Nuclear structure calculations with density-dependent effective interactions

An investigation of density-dependent interactions, such as those of Vautherin and Brink, and Moszkowski and Ehlers, is carried out. The interactions are constrained to give the correct binding energies and mean square radii of closed-shell nuclei such as ¹⁶O and ⁴⁰Ca. Such quantities as the single-particle energies, the effective charges for E0 and E2 transitions, the mean energies of electromagnetic collective states, and the low-lying states consisting of either two particles, two holes, or a particle-hole relative to a given closed shell are then considered. Harmonic oscillator wave functions are used, but radial self-consistency is satisfied.
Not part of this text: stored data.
lemma lfun_minimum:
  assumes "0 < c" "0 < d2"
  shows "let m = (if real n \<le> d2 * c / (pi * sqrt 2)
                  then c^2 * (2*pi*ntilde d2 n)^2 + 1 - c^4 / 4
                  else (2*pi*ntilde d2 n)^4 + 1)
         in (\<exists>\<xi>. lfun c d2 n \<xi> = m) \<and> (\<forall>\<xi>. m \<le> lfun c d2 n \<xi>)"
proof -
  define V where "V = (2*pi*ntilde d2 n)^2"
  have l: "lfun c d2 n \<xi> = ((2*pi*\<xi>)^2 + V)^2 - c^2 * (2*pi*\<xi>)^2 + 1" for \<xi>
    by (simp add: lfun_eq_quadratic V_def)
  have threshold: "real n \<le> d2 * c / (pi * sqrt 2) \<longleftrightarrow> V \<le> c^2 / 2"
    unfolding V_def using assms by (rule le_threshold_iff_two_pi_ntilde_square_le)
  show ?thesis
  proof (cases "V \<le> c^2 / 2")
    case True
    define \<xi>\<^sub>0 where "\<xi>\<^sub>0 = sqrt (c^2/2 - V) / (2*pi)"
    have "(2*pi*\<xi>\<^sub>0)^2 = c^2/2 - V" using True by (simp add: \<xi>\<^sub>0_def)
    then have "lfun c d2 n \<xi>\<^sub>0 = c^2 * V + 1 - c^4/4"
      by (simp only: l quadratic_eq_vertex_form) simp
    moreover have "c^2 * V + 1 - c^4/4 \<le> lfun c d2 n \<xi>" for \<xi>
      by (simp add: l quadratic_eq_vertex_form)
    ultimately show ?thesis using True threshold by (auto simp: Let_def V_def)
  next
    case False
    have "lfun c d2 n 0 = V^2 + 1" by (simp add: l)
    moreover have "V^2 + 1 \<le> lfun c d2 n \<xi>" for \<xi>
      using quadratic_ge_at_zero[of "(2*pi*\<xi>)^2" c V] False by (simp add: l)
    ultimately show ?thesis using False threshold
      by (auto simp: Let_def V_def simp flip: power_mult)
  qed
qed

lemma lfun_ge_three_quarters:
  assumes "c^2 \<le> (2*pi*ntilde d2 n)^2"
  shows "3/4 * (2*pi)^4 * ((ntilde d2 n)^2 + \<xi>^2)^2 + 1 \<le> lfun c d2 n \<xi>"
proof -
  have "((2*pi*\<xi>)^2 + (2*pi*ntilde d2 n)^2)^2 = (2*pi)^4 * ((ntilde d2 n)^2 + \<xi>^2)^2"
    by (simp add: power_mult_distrib power2_eq_square power4_eq_xxxx algebra_simps)
  then show ?thesis
    using quadratic_ge_three_quarters[of "(2*pi*\<xi>)^2" c "(2*pi*ntilde d2 n)^2"] assms
    by (simp add: lfun_eq_quadratic)
qed

lemma lfun_ge_half:
  assumes "0 < c" "0 < d2" "d2 * c / pi \<le> real n"
  shows "(2*pi)^4 / 2 * ((ntilde d2 n)^2 + \<xi>^2)^2 \<le> lfun c d2 n \<xi>"
proof -
  have "c^2 \<le> (2*pi*ntilde d2 n)^2"
    using assms by (simp add: ge_threshold_iff_two_pi_ntilde_square_ge)
  moreover have "0 \<le> (2*pi)^4 * ((ntilde d2 n)^2 + \<xi>^2)^2" by simp
  ultimately show ?thesis using lfun_ge_three_quarters[of c d2 n \<xi>] by linarith
qed

lemma nn_integral_inverse_1_plus_square:
  "(\<integral>\<^sup>+x. ennreal (inverse (1 + x^2)) \<partial>lborel) = ennreal pi"
proof -
  have "integrable lborel (\<lambda>x::real. inverse (1 + x^2))"
    using integrable_inverse_1_plus_square by (simp add: set_integrable_def einterval_def)
  moreover have "integral\<^sup>L lborel (\<lambda>x::real. inverse (1 + x^2)) = pi"
    using LBINT_inverse_1_plus_square
    by (simp add: interval_lebesgue_integral_def set_lebesgue_integral_def einterval_def)
  ultimately show ?thesis
    by (subst nn_integral_eq_integral) (auto simp: add_pos_nonneg)
qed

lemma nn_integral_inverse_square_plus_square:
  fixes b :: real
  assumes "0 < b"
  shows "(\<integral>\<^sup>+x. ennreal (inverse (b^2 + x^2)) \<partial>lborel) = ennreal (pi / b)"
proof -
  have "(\<integral>\<^sup>+x. ennreal (inverse (b^2 + x^2)) \<partial>lborel)
      = \<bar>b\<bar> * (\<integral>\<^sup>+x. ennreal (inverse (b^2 + (0 + b*x)^2)) \<partial>lborel)"
    by (rule nn_integral_real_affine) (use assms in auto)
  also have "(\<lambda>x. ennreal (inverse (b^2 + (0 + b*x)^2)))
           = (\<lambda>x. ennreal (inverse (b^2)) * ennreal (inverse (1 + x^2)))"
    using assms by (auto simp: ennreal_mult[symmetric] power_mult_distrib field_simps add_pos_nonneg)
  also have "(\<integral>\<^sup>+x. ennreal (inverse (b^2)) * ennreal (inverse (1 + x^2)) \<partial>lborel)
           = ennreal (inverse (b^2)) * ennreal pi"
    by (subst nn_integral_cmult) (auto simp: nn_integral_inverse_1_plus_square)
  finally show ?thesis
    using assms by (simp add: ennreal_mult[symmetric] power2_eq_square field_simps)
qed

lemma power4_sum_squares_ge:
  fixes a x :: real
  shows "4 * a^6 * ((a/2)^2 + x^2) \<le> (a^2 + x^2)^4"
proof -
  have "(a^2 + x^2)^4 - 4 * a^6 * ((a/2)^2 + x^2) = 6*(a^2)^2*(x^2)^2 + 4*a^2*(x^2)^3 + (x^2)^4"
    by (simp add: power2_eq_square power4_eq_xxxx algebra_simps eval_nat_numeral)
  moreover have "0 \<le> 6*(a^2)^2*(x^2)^2 + 4*a^2*(x^2)^3 + (x^2)^4" by simp
  ultimately show ?thesis by linarith
qed

lemma inverse_lfun_square_le_Cauchy_kernel:
  assumes "c^2 \<le> (2*pi*ntilde d2 n)^2" "0 < ntilde d2 n"
  shows "(1 / lfun c d2 n \<xi>)^2
           \<le> 4 / (9 * (2*pi)^8 * (ntilde d2 n)^6) * inverse ((ntilde d2 n / 2)^2 + \<xi>^2)"
proof -
  define a where "a = ntilde d2 n"
  define P where "P = (2*pi)^4 * (a^2 + \<xi>^2)^2"
  have a: "0 < a" using assms by (simp add: a_def)
  have P: "0 < P" using a by (simp add: P_def add_pos_nonneg)
  have P_square: "P^2 = (2*pi)^8 * (a^2 + \<xi>^2)^4"
    by (simp add: P_def power_mult_distrib flip: power_mult)
  have l: "3/4 * P < lfun c d2 n \<xi>"
    using lfun_ge_three_quarters[OF assms(1), of \<xi>] by (simp add: P_def a_def)
  have "(1 / lfun c d2 n \<xi>)^2 \<le> (1 / (3/4 * P))^2"
    using l P by (intro power_mono divide_left_mono) auto
  also have "\<dots> = 16/9 / ((2*pi)^8 * (a^2 + \<xi>^2)^4)"
    unfolding P_square[symmetric] using P by (simp add: field_simps power2_eq_square)
  also have "\<dots> \<le> 16/9 / ((2*pi)^8 * (4 * a^6 * ((a/2)^2 + \<xi>^2)))"
    using a power4_sum_squares_ge[of a \<xi>]
    by (intro divide_left_mono mult_left_mono mult_pos_pos) (auto simp: add_pos_nonneg)
  also have "\<dots> = 4 / (9 * (2*pi)^8 * a^6) * inverse ((a/2)^2 + \<xi>^2)"
  proof -
    have scale: "16/9 / ((2*pi)^8 * (4 * a^6 * B)) = 4 / (9 * (2*pi)^8 * a^6) * inverse B"
      if "0 < B" for B
      using a that by (simp add: field_simps)
    show ?thesis
      by (rule scale) (use a in \<open>simp add: add_pos_nonneg\<close>)
  qed
  finally show ?thesis by (simp add: a_def)
qed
The prescription for handling density-dependent or three-body interactions to obtain bulk properties or to do shell model calculations is given. The rearrangement prescription for the interaction of two particles beyond a closed shell is the same as it is for the interaction of a particle and hole of the same closed shell. It is found that the J = 0 breathing mode state and the E0 effective charge are most affected by the density dependence. But this can be simulated by merely adding a monopole-monopole term to a density-independent interaction. The spin dependence of the interactions is also considered. In this respect the Vautherin-Brink interaction (II) has some desirable consequences for particle-hole calculations, i.e. the J = 0, T = 1 "Coulomb mixing state" is very high in energy. However, two identical particles in a J = 0 state have a repulsive interaction energy. This is precisely the opposite of the wellknown pairing property of nuclei. Unfortunately, if one attempts to modify the spin dependence to improve the particle-particle situation one makes the particle-hole situation worse. Evidently, additional components are required if we are to have a universal interaction.